JERUSALÉM/PALM BEACH, Flórida – O presidente dos EUA, Donald Trump, deverá pressionar pelo progresso no cessar-fogo paralisado na Faixa de Gaza quando se reunir com o primeiro-ministro israelense, Benjamin Netanyahu, em 29 de dezembro, para conversações que também incluirão as preocupações de Israel sobre o Líbano e o Hezbollah do Irã.
O primeiro-ministro Netanyahu disse: em dezembro que
Trump o convidou para uma reunião.
Washington está a pressionar para o estabelecimento de um governo provisório sobre os enclaves palestinianos e uma força de segurança internacional.
Trump disse que poderá se reunir com líderes israelenses em breve, mas a Casa Branca não confirmou detalhes. A Casa Branca não respondeu aos pedidos de comentários sobre a reunião.
O primeiro-ministro Benjamin Netanyahu, que deverá visitar o clube de praia de Trump em Mar-a-Lago, disse em 22 de dezembro que se esperam negociações não apenas sobre o Irão e o Líbano, mas também sobre a segunda fase do cessar-fogo em Gaza.

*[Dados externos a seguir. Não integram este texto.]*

lemma winning_chain_imp_W_inf:
  fixes Y :: "(nat \<Rightarrow> ('a::finite)) set" and E :: "('v \<times> 'a \<times> 'v) set"
  assumes "finite E" "finite V" and Y: "Y = {x. \<exists>p. \<forall>i. (p i, x i, p (Suc i)) \<in> E}"
    and bound: "\<forall>j. alpha j < card (UNIV::'a set)" and chain: "winning_chain V E alpha Ws"
  shows "alpha \<in> W_inf Y"
proof -
  obtain S0 where S0: "S0 \<in> Ws 0" using chain unfolding winning_chain_def by blast
  then have "S0 \<subseteq> V" using chain unfolding winning_chain_def cpre_post_def by blast
  define st where "st u = foldl (post E) S0 u" for u
  have "\<exists>B :: 'a set. card B = alpha (length u) + 1 \<and>
      (st u \<in> Ws (length u) \<longrightarrow> B \<subseteq> {a. post E (st u) a \<in> Ws (Suc (length u))})" for u
  proof (cases "st u \<in> Ws (length u)")
    case True
    then have "Suc (alpha (length u)) \<le> card {a. post E (st u) a \<in> Ws (Suc (length u))}"
      using chain unfolding winning_chain_def cpre_post_def by blast
    then show ?thesis by (metis Suc_eq_plus1 obtain_subset_with_card_n)
  next
    case False
    have "Suc (alpha (length u)) \<le> card (UNIV :: 'a set)" using bound by (simp add: Suc_leI)
    then show ?thesis using False by (metis Suc_eq_plus1 obtain_subset_with_card_n)
  qed
  then obtain sigma :: "'a list \<Rightarrow> 'a set" where
    sigma: "\<And>u. card (sigma u) = alpha (length u) + 1"
      "\<And>u. st u \<in> Ws (length u) \<Longrightarrow> sigma u \<subseteq> {a. post E (st u) a \<in> Ws (Suc (length u))}"
    by metis
  have "w \<in> Y" if w: "\<forall>i. w i \<in> sigma (map w [0..<i])" for w
  proof -
    have in_chain: "st (map w [0..<i]) \<in> Ws i" for i
    proof (induction i)
      case 0
      then show ?case using S0 by (simp add: st_def)
    next
      case (Suc i)
      then have "post E (st (map w [0..<i])) (w i) \<in> Ws (Suc i)" using sigma(2) w by force
      then show ?case by (simp add: st_def)
    qed
    have "\<exists>p. p 0 \<in> S0 \<and> (\<forall>j<m. (p j, w j, p (Suc j)) \<in> E)" for m
    proof -
      have "st (map w [0..<m]) \<noteq> {}"
        using in_chain chain unfolding winning_chain_def cpre_post_def by blast
      then obtain v where "v \<in> foldl (post E) S0 (map w [0..<m])" unfolding st_def by blast
      then obtain p where "p 0 \<in> S0" "\<forall>j<m. (p j, map w [0..<m] ! j, p (Suc j)) \<in> E"
        unfolding mem_foldl_post_iff by auto
      then show ?thesis by auto
    qed
    then show "w \<in> Y"
      using koenig_path[OF \<open>finite E\<close> finite_subset[OF \<open>S0 \<subseteq> V\<close> \<open>finite V\<close>]] Y by blast
  qed
  then show ?thesis unfolding W_inf_def using bound sigma(1) by blast
qed

lemma sofic_W_inf:
  fixes Y :: "(nat \<Rightarrow> ('a::finite)) set"
  assumes "sofic_over UNIV Y"
  shows "sofic_over {..<card (UNIV::'a set)} (W_inf Y)"
proof -
  obtain V and E :: "(nat \<times> 'a \<times> nat) set" where "finite V" "finite E"
    and EV: "E \<subseteq> V \<times> UNIV \<times> V" and Y: "Y = {x. \<exists>p. \<forall>i. (p i, x i, p (Suc i)) \<in> E}"
    using assms unfolding sofic_over_def by auto
  define n where "n = card (UNIV::'a set)"
  have W_inf_iff: "alpha \<in> W_inf Y \<longleftrightarrow> (\<forall>j. alpha j < n) \<and> (\<exists>Ws. winning_chain V E alpha Ws)"
    for alpha
  proof
    assume "alpha \<in> W_inf Y"
    then show "(\<forall>j. alpha j < n) \<and> (\<exists>Ws. winning_chain V E alpha Ws)"
      using W_inf_imp_winning_chain[OF EV Y] unfolding W_inf_def n_def by blast
  next
    assume "(\<forall>j. alpha j < n) \<and> (\<exists>Ws. winning_chain V E alpha Ws)"
    then show "alpha \<in> W_inf Y"
      using winning_chain_imp_W_inf[OF \<open>finite E\<close> \<open>finite V\<close> Y] unfolding n_def by blast
  qed
  define E' where "E' = {(A, k, B). A \<in> Pow (Pow V) \<and> B \<in> Pow (Pow V) \<and> k < n \<and>
      A \<noteq> {} \<and> A \<subseteq> cpre_post V E k B}"
  have E'_sub: "E' \<subseteq> Pow (Pow V) \<times> {..<n} \<times> Pow (Pow V)" unfolding E'_def by auto
  have "cpre_post V E k B \<subseteq> Pow V" for k B unfolding cpre_post_def by auto
  then have "(\<forall>i. (Ws i, alpha i, Ws (Suc i)) \<in> E') \<longleftrightarrow> (\<forall>j. alpha j < n) \<and> winning_chain V E alpha Ws"
    for Ws alpha unfolding E'_def winning_chain_def by blast
  then have "W_inf Y = {x. \<exists>p. \<forall>i. (p i, x i, p (Suc i)) \<in> E'}"
    using W_inf_iff by blast
  moreover have "finite E'" using E'_sub \<open>finite V\<close> by (simp add: finite_subset)
  ultimately show ?thesis
    using \<open>finite V\<close> E'_sub unfolding n_def by (intro sofic_overI) auto
qed

theorem mainTheorem11:
  fixes X :: "('a::finite) list set" and Y :: "(nat \<Rightarrow> 'a) set"
  shows "(regular_over UNIV X \<longrightarrow> regular_over {..<card (UNIV::'a set)} (W_fin X)) \<and>
         (sofic_over UNIV Y \<longrightarrow> sofic_over {..<card (UNIV::'a set)} (W_inf Y))"
  using regular_W_fin[of X] sofic_W_inf[of Y] by blast

end
lemma half_power_lt_rad:
  assumes "c < 1" "1 \<le> n"
  shows "(1/2::real)^n < rad c n"
proof -
  have "(1/2::real)^n = 2 powr (- real n)"
    by (rule half_power_eq_powr)
  also have "\<dots> < rad c n"
    unfolding rad_def using assms by (intro powr_less_mono) auto
  finally show ?thesis .
qed

lemma rad_tendsto_0: "0 < c \<Longrightarrow> rad c \<longlonglongrightarrow> 0"
  unfolding rad_as_power[abs_def]
  by (intro LIMSEQ_abs_realpow_zero2) (simp add: powr_less_one)

text \<open>For 0 < c < 1 the radius eventually absorbs the truncation error 2^(-n):
  r(n+1) + 2^(-n) = r(n) (2^(-c) + 2^(-(1-c)n)), and the bracket tends to 2^(-c) < 1.\<close>

lemma rad_absorbs_truncation:
  assumes "0 < c" "c < 1"
  shows "eventually (\<lambda>n. rad c (n + 1) + (1/2)^n \<le> rad c n) sequentially"
proof -
  have "(\<lambda>n. 2 powr (- c) + rad (1 - c) n) \<longlonglongrightarrow> 2 powr (- c) + 0"
    using assms by (intro tendsto_add tendsto_const rad_tendsto_0) simp
  moreover have "2 powr (- c) + 0 < (1::real)"
    using assms by (simp add: powr_less_one)
  ultimately have "eventually (\<lambda>n. 2 powr (- c) + rad (1 - c) n < 1) sequentially"
    by (rule order_tendstoD)
  then show ?thesis
  proof (rule eventually_mono)
    fix n assume "2 powr (- c) + rad (1 - c) n < 1"
    then have "rad c n * (2 powr (- c) + rad (1 - c) n) \<le> rad c n * 1"
      by (intro mult_left_mono) (auto simp: rad_def)
    moreover have "rad c n * 2 powr (- c) = rad c (n + 1)"
      unfolding rad_def by (simp add: powr_add[symmetric] algebra_simps)
    moreover have "rad c n * rad (1 - c) n = (1/2)^n"
      unfolding rad_def half_power_eq_powr by (simp add: powr_add[symmetric] algebra_simps)
    ultimately show "rad c (n + 1) + (1/2)^n \<le> rad c n"
      by (simp add: distrib_left)
  qed
qed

Os Estados Unidos mediaram cessar-fogo nas três frentes, mas Israel está receoso de que o seu inimigo reconstrua as suas forças armadas, muito enfraquecidas pela guerra.
Concordou com o plano de cessar-fogo de Trump em outubro
Apela a Israel para que se retire de Gaza e ao Hamas para que deponha as armas e renuncie ao seu papel de governante no enclave.
O secretário de Estado dos EUA, Marco Rubio, disse na semana passada que o governo dos EUA quer formar rapidamente um governo interino previsto no plano de Trump para governar Gaza – um órgão composto por um comitê de paz e tecnocratas palestinos – antes de enviar forças de segurança internacionais, conforme exigido por uma resolução de 17 de novembro do Conselho de Segurança da ONU.
Mas Israel e o Hamas acusaram-se mutuamente de graves violações do acordo e não estão nem perto de aceitar as medidas muito mais difíceis previstas na próxima etapa. O Hamas recusou-se a desarmar-se e não devolveu os restos mortais do último refém israelita, mas está mais uma vez a reforçar o seu controlo, uma vez que as forças israelitas permanecem entrincheiradas em cerca de metade do território.
Israel indicou que se o Hamas não for desarmado pacificamente, retomará a acção militar para o encorajar.
A luta diminuiu, mas não acabou completamente. O cessar-fogo começou oficialmente em Outubro, mas os ataques aéreos israelitas mataram mais de 400 palestinianos, a maioria deles civis, e militantes palestinianos mataram três soldados israelitas, segundo autoridades de saúde de Gaza.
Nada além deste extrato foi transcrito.